*** Opening Material provided ***
(* Let $k\ge0$ and assume $\mu,\beta\in C^k(\mathbb R^N,L^\infty_+(0,a_2))$, with $\underline\beta$ not a.e. zero on $(0,a_2)$. For $x\in\mathbb R^N$ let $\alpha(x)$ be the unique real number with $\int_0^{a_2}\beta(a,x)e^{-\alpha(x)a}\pi(0,a,x)da=1$ and $\phi(a,x)=e^{-\alpha(x)a}\pi(0,a,x)$, so that $(0,\phi(\cdot,x))$ is the principal eigenvector of $A(x)+F(x)$ for the eigenvalue $\alpha(x)$, normalized by $\int_0^{a_2}\beta(a,x)\phi(a,x)da=1$. Then the map $x\mapsto\big((0,\phi(\cdot,x)),\alpha(x)\big)$ is of class $C^k$ from $\mathbb R^N$ into $\{0\}\times C([0,a_2])\times\mathbb R$.
   Context: $a_2>0$ is a finite age, $\pi(\tau,a,x)=\exp(-\int_\tau^a\mu(s,x)ds)$, and $\underline\beta(a)=\inf_{x}\beta(a,x)$ over the relevant points with $\underline\beta\le\beta(\cdot,x)$ for all $x\in\mathbb R^N$. For $x\in\mathbb R^N$, $A(x):\{0\}\times W^{1,1}(0,a_2)\to\mathbb R\times L^1(0,a_2)$, $A(x)(0,u)=(-u(0),-\partial_au-\mu(\cdot,x)u)$, and $F(x)(0,u)=(\int_0^{a_2}\beta(a,x)u(a)da,0)$. *)

theory Defs
  imports "HOL-Analysis.Analysis" "HOL-Probability.Essential_Supremum" "HOL-Library.Function_Algebras"
begin

instantiation "fun" :: (type, real_vector) real_vector
begin
definition scaleR_fun_def: "scaleR r f = (\<lambda>x. r *\<^sub>R f x)"
instance
  by standard (simp_all add: scaleR_fun_def fun_eq_iff scaleR_add_right scaleR_add_left)
end

text \<open>C^k maps from R^N into a (semi)normed function space, given by a membership
  predicate S and a (semi)norm nrm.\<close>

fun Ck_wrt :: "('v::real_vector \<Rightarrow> bool) \<Rightarrow> ('v \<Rightarrow> real) \<Rightarrow> nat \<Rightarrow> (real^'n \<Rightarrow> 'v) \<Rightarrow> bool" where
  "Ck_wrt S nrm 0 f \<longleftrightarrow>
     (\<forall>x. S (f x)) \<and> (\<forall>x. ((\<lambda>y. nrm (f y - f x)) \<longlongrightarrow> 0) (at x))"
| "Ck_wrt S nrm (Suc k) f \<longleftrightarrow>
     (\<forall>x. S (f x)) \<and>
     (\<exists>D :: 'n \<Rightarrow> real^'n \<Rightarrow> 'v.
        (\<forall>i x. S (D i x)) \<and>
        (\<forall>x. ((\<lambda>y. nrm (f y - f x - (\<Sum>i\<in>UNIV. ((y - x) $ i) *\<^sub>R D i x)) / norm (y - x))
                 \<longlongrightarrow> 0) (at x)) \<and>
        (\<forall>i. Ck_wrt S nrm k (D i)))"

definition Linf_mem :: "real \<Rightarrow> (real \<Rightarrow> real) \<Rightarrow> bool" where
  "Linf_mem a2 u \<longleftrightarrow> u \<in> borel_measurable (lebesgue_on {0<..<a2}) \<and>
     esssup (lebesgue_on {0<..<a2}) (\<lambda>a. ereal \<bar>u a\<bar>) < \<infinity>"

definition Linf_nrm :: "real \<Rightarrow> (real \<Rightarrow> real) \<Rightarrow> real" where
  "Linf_nrm a2 u = real_of_ereal (esssup (lebesgue_on {0<..<a2}) (\<lambda>a. ereal \<bar>u a\<bar>))"

definition Linf_plus :: "real \<Rightarrow> (real \<Rightarrow> real) \<Rightarrow> bool" where
  "Linf_plus a2 u \<longleftrightarrow> Linf_mem a2 u \<and> (AE a in lebesgue_on {0<..<a2}. u a \<ge> 0)"
(* Let $s,t,n$ be positive integers. Let $S_1$ be the set of lattice paths from $(0,0)$ to $(sn+1,tn)$ that avoid $A_{s,t}$, and $S_2$ the set of lattice paths from $(1,0)$ to $(sn,tn-1)$ that avoid $A_{s,t}$. Then \[ |S_1| = t\binom{sn+tn}{tn} - s\binom{sn+tn}{tn-1} \quad\text{and}\quad |S_2| = t\binom{sn+tn-2}{tn-1} - s\binom{sn+tn-2}{tn-2}. \]
   Context: A lattice path is a finite sequence of unit steps, each north $(0,1)$ or east $(1,0)$. For positive integers $s,t$, $A_{s,t}$ is the infinite staircase path that starts at $(0,t)$ and then takes $s$ steps east, $t$ steps north, $s$ steps east, $t$ steps north, and so on forever. A lattice path "avoids" $A_{s,t}$ if it does not touch or cross it, i.e. shares no lattice point with $A_{s,t}$. *)

theory Defs
  imports Main
begin

text \<open>A lattice path is given by its starting point and its list of unit steps;
  a step True is an east step (1,0), a step False is a north step (0,1).\<close>

fun path_points :: "int \<times> int \<Rightarrow> bool list \<Rightarrow> (int \<times> int) list" where
  "path_points p [] = [p]"
| "path_points (x, y) (b # bs) =
     (x, y) # path_points (if b then (x + 1, y) else (x, y + 1)) bs"

text \<open>Lattice points of the infinite staircase path A_{s,t}: starting at (0,t),
  s east steps, t north steps, s east steps, ...\<close>

definition staircase_points :: "nat \<Rightarrow> nat \<Rightarrow> (int \<times> int) set" where
  "staircase_points s t =
     {(x, y). \<exists>k::nat.
        (y = int ((k + 1) * t) \<and> int (k * s) \<le> x \<and> x \<le> int ((k + 1) * s))
      \<or> (x = int ((k + 1) * s) \<and> int ((k + 1) * t) \<le> y \<and> y \<le> int ((k + 2) * t))}"

definition lattice_paths :: "int \<times> int \<Rightarrow> int \<times> int \<Rightarrow> bool list set" where
  "lattice_paths p q = {bs. last (path_points p bs) = q}"

definition avoids :: "int \<times> int \<Rightarrow> bool list \<Rightarrow> nat \<Rightarrow> nat \<Rightarrow> bool" where
  "avoids p bs s t \<longleftrightarrow> set (path_points p bs) \<inter> staircase_points s t = {}"

definition zbinom :: "nat \<Rightarrow> int \<Rightarrow> int" where
  "zbinom m k = (if k < 0 then 0 else int (m choose nat k))"

end

theory Submission
  imports Defs
begin

(*
  A path is encoded by the list a of lengths of its east runs before each north step,
  together with the length k of its final east run.  A path starting on the x-axis
  at x0 avoids A_{s,t} iff after the j-th north step it lies strictly right of the
  staircase, i.e. s*(j div t) < x0 + (a_1 + ... + a_j) whenever j >= t; since these
  partial sums are monotone it suffices to check the rows j = m*t.

  For S_1 (x0 = 0, end (sn+1, tn)) the final run is empty and a has length tn and sum
  sn+1; for S_2 (x0 = 1, end (sn, tn-1)) the list a @ [k] has length tn and sum sn-1.
  The avoidance conditions become "s*m < a_1+...+a_{mt} for 1 <= m <= n", resp.
  "s*m <= a_1+...+a_{mt} for 1 <= m < n".  By a cycle lemma for the walk
  q |-> (a_1+...+a_{c+tq}) - s*q, exactly t of the tn cyclic rotations of every such
  list satisfy the condition; double counting over rotations yields
  n * |S_i| = (number of compositions), a binomial coefficient, and a binomial
  identity turns this into the stated ballot-type formulas.
*)

lemma cycle_lemma_strict:
  fixes w :: "nat \<Rightarrow> int"
  assumes n: "0 < n" and drift: "\<And>q. w (q + n) = w q + 1"
  shows "card {q. q < n \<and> (\<forall>m\<in>{1..n}. w q < w (q + m))} = 1"
proof -
  let ?R = "{q. q < n \<and> (\<forall>m\<in>{1..n}. w q < w (q + m))}"
  define mu where "mu = Min (w ` {..<n})"
  have mu_le: "mu \<le> w p" if "p < n" for p
    using that unfolding mu_def by simp
  have "mu \<in> w ` {..<n}" unfolding mu_def using n by (intro Min_in) auto
  then obtain p0 where "p0 < n" "w p0 = mu" by auto
  define q where "q = Max {p. p < n \<and> w p = mu}"
  have "q \<in> {p. p < n \<and> w p = mu}"
    unfolding q_def by (rule Max_in) (use \<open>p0 < n\<close> \<open>w p0 = mu\<close> in auto)
  then have q: "q < n" "w q = mu" by simp_all
  have q_last: "p \<le> q" if "p < n" "w p = mu" for p
    using that unfolding q_def by simp
  have "w q < w (q + m)" if m: "m \<in> {1..n}" for m
  proof (cases "q + m < n")
    case True
    then show ?thesis using mu_le[OF True] q_last[OF True] m q by fastforce
  next
    case False
    then have "q + m = (q + m - n) + n" "q + m - n < n" using m q by auto
    then show ?thesis using drift[of "q + m - n"] mu_le[of "q + m - n"] q by simp
  qed
  then have "q \<in> ?R" using q by simp
  moreover have "\<not> (a \<in> ?R \<and> b \<in> ?R)" if "a < b" for a b
  proof
    assume ab: "a \<in> ?R \<and> b \<in> ?R"
    have "b - a \<in> {1..n}" "a + n - b \<in> {1..n}" using ab that by auto
    then have "w a < w (a + (b - a))" "w b < w (b + (a + n - b))" using ab by blast+
    moreover have "a + (b - a) = b" "b + (a + n - b) = a + n" using ab that by auto
    ultimately have "w a < w b" "w b < w (a + n)" by simp_all
    then show False using drift[of a] by linarith
  qed
  ultimately have "?R = {q}"
    by (metis (no_types, lifting) linorder_neqE_nat singletonD singletonI subsetI subset_antisym)
  then show ?thesis by simp
qed

lemma cycle_lemma_weak:
  fixes w :: "nat \<Rightarrow> int"
  assumes n: "0 < n" and drift: "\<And>q. w (q + n) = w q - 1"
  shows "card {q. q < n \<and> (\<forall>m\<in>{1..<n}. w q \<le> w (q + m))} = 1"
proof -
  let ?R = "{q. q < n \<and> (\<forall>m\<in>{1..<n}. w q \<le> w (q + m))}"
  define mu where "mu = Min (w ` {..<n})"
  have mu_le: "mu \<le> w p" if "p < n" for p
    using that unfolding mu_def by simp
  have "mu \<in> w ` {..<n}" unfolding mu_def using n by (intro Min_in) auto
  then obtain p0 where "p0 < n" "w p0 = mu" by auto
  define q where "q = Min {p. p < n \<and> w p = mu}"
  have "q \<in> {p. p < n \<and> w p = mu}"
    unfolding q_def by (rule Min_in) (use \<open>p0 < n\<close> \<open>w p0 = mu\<close> in auto)
  then have q: "q < n" "w q = mu" by simp_all
  have q_first: "q \<le> p" if "p < n" "w p = mu" for p
    using that unfolding q_def by simp
  have "w q \<le> w (q + m)" if m: "m \<in> {1..<n}" for m
  proof (cases "q + m < n")
    case True
    then show ?thesis using mu_le q by simp
  next
    case False
    then have p: "q + m = (q + m - n) + n" "q + m - n < q" using m q by auto
    then have "mu < w (q + m - n)" using mu_le[of "q + m - n"] q_first[of "q + m - n"] q by fastforce
    then show ?thesis using p drift[of "q + m - n"] q by simp
  qed
  then have "q \<in> ?R" using q by simp
  moreover have "\<not> (a \<in> ?R \<and> b \<in> ?R)" if "a < b" for a b
  proof
    assume ab: "a \<in> ?R \<and> b \<in> ?R"
    have "b - a \<in> {1..<n}" "a + n - b \<in> {1..<n}" using ab that by auto
    then have "w a \<le> w (a + (b - a))" "w b \<le> w (b + (a + n - b))" using ab by blast+
    moreover have "a + (b - a) = b" "b + (a + n - b) = a + n" using ab that by auto
    ultimately have "w a \<le> w b" "w b \<le> w (a + n)" by simp_all
    then show False using drift[of a] by linarith
  qed
  ultimately have "?R = {q}"
    by (metis (no_types, lifting) linorder_neqE_nat singletonD singletonI subsetI subset_antisym)
  then show ?thesis by simp
qed

definition cyclic_prefix_sum :: "nat list \<Rightarrow> nat \<Rightarrow> nat" where
  "cyclic_prefix_sum a i = (\<Sum>l<i. a ! (l mod length a))"

lemma sum_list_rotate: "sum_list (rotate j (a :: 'a :: comm_monoid_add list)) = sum_list a"
  by (metis add.commute append_take_drop_id rotate_drop_take sum_list_append)

lemma sum_list_take_nth:
  "k \<le> length xs \<Longrightarrow> sum_list (take k (xs :: 'a :: comm_monoid_add list)) = (\<Sum>l<k. xs ! l)"
  by (simp add: sum_list_sum_nth atLeast0LessThan min_def)

lemma cyclic_prefix_sum_window:
  assumes "k \<le> length a"
  shows "cyclic_prefix_sum a (j + k) = cyclic_prefix_sum a j + sum_list (take k (rotate j a))"
proof -
  have "(\<Sum>l<j + k. a ! (l mod length a))
      = (\<Sum>l<j. a ! (l mod length a)) + (\<Sum>l<k. a ! ((j + l) mod length a))"
    by (induction k) (auto simp: add.commute)
  also have "(\<Sum>l<k. a ! ((j + l) mod length a)) = sum_list (take k (rotate j a))"
    using assms by (simp add: sum_list_take_nth nth_rotate)
  finally show ?thesis unfolding cyclic_prefix_sum_def .
qed

lemma card_residue_split:
  fixes t n :: nat
  assumes t: "0 < t"
  shows "card {j. j < t * n \<and> P j} = (\<Sum>c<t. card {q. q < n \<and> P (c + t * q)})"
proof -
  let ?f = "\<lambda>(c, q). c + t * q"
  let ?S = "SIGMA c:{..<t}. {q. q < n \<and> P (c + t * q)}"
  have "{j. j < t * n \<and> P j} = ?f ` ?S"
  proof (intro equalityI subsetI)
    fix j assume j: "j \<in> {j. j < t * n \<and> P j}"
    have "j div t < n" using j t by (simp add: less_mult_imp_div_less mult.commute)
    then show "j \<in> ?f ` ?S"
      using j t by (intro image_eqI[of _ _ "(j mod t, j div t)"]) auto
  next
    fix j assume "j \<in> ?f ` ?S"
    then obtain c q where cq: "c < t" "q < n" "P (c + t * q)" "j = c + t * q" by auto
    have "c + t * q < t * Suc q" using cq by simp
    also have "\<dots> \<le> t * n" using cq by (intro mult_le_mono2) auto
    finally show "j \<in> {j. j < t * n \<and> P j}" using cq by auto
  qed
  moreover have "inj_on ?f ?S"
  proof (rule inj_onI)
    fix x y assume "x \<in> ?S" "y \<in> ?S" "?f x = ?f y"
    then obtain c q c' q' where cq: "x = (c, q)" "y = (c', q')" "c < t" "c' < t"
      "c + t * q = c' + t * q'" by auto
    then have "c = c'" by (metis mod_mult_self2 mod_less)
    then show "x = y" using cq t by simp
  qed
  ultimately have "card {j. j < t * n \<and> P j} = card ?S" by (simp add: card_image)
  then show ?thesis by (simp add: card_SigmaI)
qed

text \<open>They encode avoidance of A_{s,t} for S_1 resp. S_2.\<close>

definition strictly_above :: "nat \<Rightarrow> nat \<Rightarrow> nat \<Rightarrow> nat list \<Rightarrow> bool" where
  "strictly_above s t n a \<longleftrightarrow> (\<forall>m\<in>{1..n}. s * m < sum_list (take (m * t) a))"

definition weakly_above :: "nat \<Rightarrow> nat \<Rightarrow> nat \<Rightarrow> nat list \<Rightarrow> bool" where
  "weakly_above s t n a \<longleftrightarrow> (\<forall>m\<in>{1..<n}. s * m \<le> sum_list (take (m * t) a))"
lemma dot_tau_eq_tau_form:
  assumes x: "x \<in> R" and y: "y \<in> R"
  shows "dot_tau x y = tau_form x y"
proof (cases "x \<in> first_rays")
  case True
  then show ?thesis using dot_tau_first_row[OF _ y] by (cases x) (auto simp: mem_first_rays)
next
  case False
  show ?thesis
  proof (rule dot_tau_eq_tau_form_if_agree_off_cone[OF x tau_in_fan _ y])
    fix s assume s: "s \<in> R - tau"
    then have "s \<in> first_rays" by (simp add: tau_def)
    then obtain h where "s = (h, 1)" "h < 5" by (cases s) (auto simp: mem_first_rays)
    then have "dot_tau s x = tau_form s x" using dot_tau_first_row x by simp
    then show "dot_tau x s = tau_form x s"
      using s x by (simp add: dot_tau_commute tau_form_commute mem_rays)
  qed
qed

lemma ch2_dot_tau: "ch2_dot R I tau = real_of_int (\<Sum>x\<in>R. tau_form x x) / 2"
proof -
  have "I ({#x, x#} + mset_set tau) = tau_form x x" if "x \<in> R" for x
    using dot_tau_eq_tau_form[OF that that] by (simp add: dot_tau_def)
  then show ?thesis by (simp add: ch2_dot_def)
qed

lemma sum_tau_form_diag_le:
  assumes b_min: "\<forall>i\<in>{1..p 3}. b 1 \<le> b i"
  shows "(\<Sum>x\<in>R. tau_form x x)
           \<le> int (p 2) * int (b 1) - int (p 3) * (int (b 1) + 1) - int (p 1) - int (p 4)"
proof -
  define bound :: "nat \<Rightarrow> int" where
    "bound g = (if g = 0 then 0 else if g = 2 then int (b 1)
                else if g = 3 then - int (b 1) - 1 else -1)" for g
  have "tau_form x x \<le> bound (fst x)" if "x \<in> R" for x
  proof -
    have grp: "fst x \<in> {0, 1, 2, 3, 4}" and "1 \<le> snd x" "snd x \<le> p (fst x)"
      using that by (auto simp: mem_rays)
    then have "fst x = 3 \<Longrightarrow> b 1 \<le> b (snd x)" using b_min by auto
    with grp show ?thesis by (auto simp: tau_form_def coeff_defs bound_def)
  qed
  then have "(\<Sum>x\<in>R. tau_form x x) \<le> (\<Sum>x\<in>R. bound (fst x))" by (rule sum_mono)
  also have "\<dots> = (\<Sum>g<5. int (p g) * bound g)" by (simp add: sum_rays)
  also have "\<dots> = int (p 2) * int (b 1) - int (p 3) * (int (b 1) + 1) - int (p 1) - int (p 4)"
    by (simp add: eval_nat_numeral bound_def algebra_simps)
  finally show ?thesis .
qed

end
(* Let $(g,\alpha)$ be a null contact structure on an oriented three-manifold $M$ which is K-contact. Then $(g,\alpha)$ is Sasakian.
   Context: Let $M$ be an oriented three-manifold with a Lorentzian metric $g$ of signature $(-,+,+)$, oriented and time-oriented; set $s_g=-1$. $\star_g$ denotes the Hodge star of $g$ and the orientation, defined by $\beta\wedge\star_g\gamma=g^{-1}(\beta,\gamma)\,\nu_g$; $\sharp$ is the musical isomorphism induced by $g$, $\iota_v$ the interior product, $\mathcal{L}$ the Lie derivative. Exterior derivative convention: $\mathrm{d}\alpha(X,Y)=X(\alpha(Y))-Y(\alpha(X))-\alpha([X,Y])$. A null contact structure is a pair $(g,\alpha)$ with $\alpha\in\Omega^1(M)$ nowhere vanishing such that $\alpha=\star_g\mathrm{d}\alpha$ and $|\alpha|_g^2=0$. Its Reeb vector field is $\xi=\alpha^\sharp$, $\phi(v)=-s_g(\iota_v\star_g\alpha)^\sharp$, and $\mathfrak{h}=\mathcal{L}_\xi\phi$. It is called Sasakian if $\mathfrak{h}=0$ and K-contact if $\mathcal{L}_\xi g=0$. *)

theory Defs
  imports "HOL-Analysis.Analysis"
begin

text \<open>Local coordinate rendering on an open set U of R^3 (an oriented chart of M,
with the standard orientation dx1,dx2,dx3 of R^3).  One-forms and vector fields are
given by their component vectors real^3, (0,2)-tensors and 2-forms by matrices
real^3^3 (entry i j = value on the coordinate vectors d_i, d_j), and (1,1)-tensors by
matrices F with F *v v the image of the vector v.\<close>

definition coord_line :: "3 \<Rightarrow> (real^3 \<Rightarrow> real) \<Rightarrow> real^3 \<Rightarrow> real \<Rightarrow> real" where
  "coord_line i f p = (\<lambda>t. f (p + t *\<^sub>R axis i 1))"

definition pd :: "3 \<Rightarrow> (real^3 \<Rightarrow> real) \<Rightarrow> real^3 \<Rightarrow> real" where
  "pd i f p = deriv (coord_line i f p) 0"

definition pd_exists :: "3 \<Rightarrow> (real^3 \<Rightarrow> real) \<Rightarrow> real^3 \<Rightarrow> bool" where
  "pd_exists i f p \<longleftrightarrow> coord_line i f p differentiable (at 0)"

fun smoothk :: "nat \<Rightarrow> (real^3 \<Rightarrow> real) \<Rightarrow> (real^3) set \<Rightarrow> bool" where
  "smoothk 0 f U = continuous_on U f"
| "smoothk (Suc k) f U = (continuous_on U f \<and> (\<forall>i. \<forall>p\<in>U. pd_exists i f p)
                          \<and> (\<forall>i. smoothk k (pd i f) U))"

definition smooth_fun_on :: "(real^3) set \<Rightarrow> (real^3 \<Rightarrow> real) \<Rightarrow> bool" where
  "smooth_fun_on U f \<longleftrightarrow> (\<forall>k. smoothk k f U)"

definition eta3 :: "real^3^3" where
  "eta3 = (\<chi> i j. if i = j then (if i = 1 then -1 else 1) else 0)"

definition lorentzian :: "real^3^3 \<Rightarrow> bool" where
  "lorentzian G \<longleftrightarrow> transpose G = G \<and>
     (\<exists>P::real^3^3. invertible P \<and> transpose P ** G ** P = eta3)"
*** Closing Material provided ***
Could you return exactly the lines above from the line with "b \<le> w (a" to the line with "(\<Sum>l<j. a !", both included, and nothing else?

● **Worked solution**
    ultimately have "w a \<le> w b" "w b \<le> w (a + n)" by simp_all
    then show False using drift[of a] by linarith
  qed
  ultimately have "?R = {q}"
    by (metis (no_types, lifting) linorder_neqE_nat singletonD singletonI subsetI subset_antisym)
  then show ?thesis by simp
qed

definition cyclic_prefix_sum :: "nat list \<Rightarrow> nat \<Rightarrow> nat" where
  "cyclic_prefix_sum a i = (\<Sum>l<i. a ! (l mod length a))"

lemma sum_list_rotate: "sum_list (rotate j (a :: 'a :: comm_monoid_add list)) = sum_list a"
  by (metis add.commute append_take_drop_id rotate_drop_take sum_list_append)

lemma sum_list_take_nth:
  "k \<le> length xs \<Longrightarrow> sum_list (take k (xs :: 'a :: comm_monoid_add list)) = (\<Sum>l<k. xs ! l)"
  by (simp add: sum_list_sum_nth atLeast0LessThan min_def)

lemma cyclic_prefix_sum_window:
  assumes "k \<le> length a"
  shows "cyclic_prefix_sum a (j + k) = cyclic_prefix_sum a j + sum_list (take k (rotate j a))"
proof -
  have "(\<Sum>l<j + k. a ! (l mod length a))
      = (\<Sum>l<j. a ! (l mod length a)) + (\<Sum>l<k. a ! ((j + l) mod length a))"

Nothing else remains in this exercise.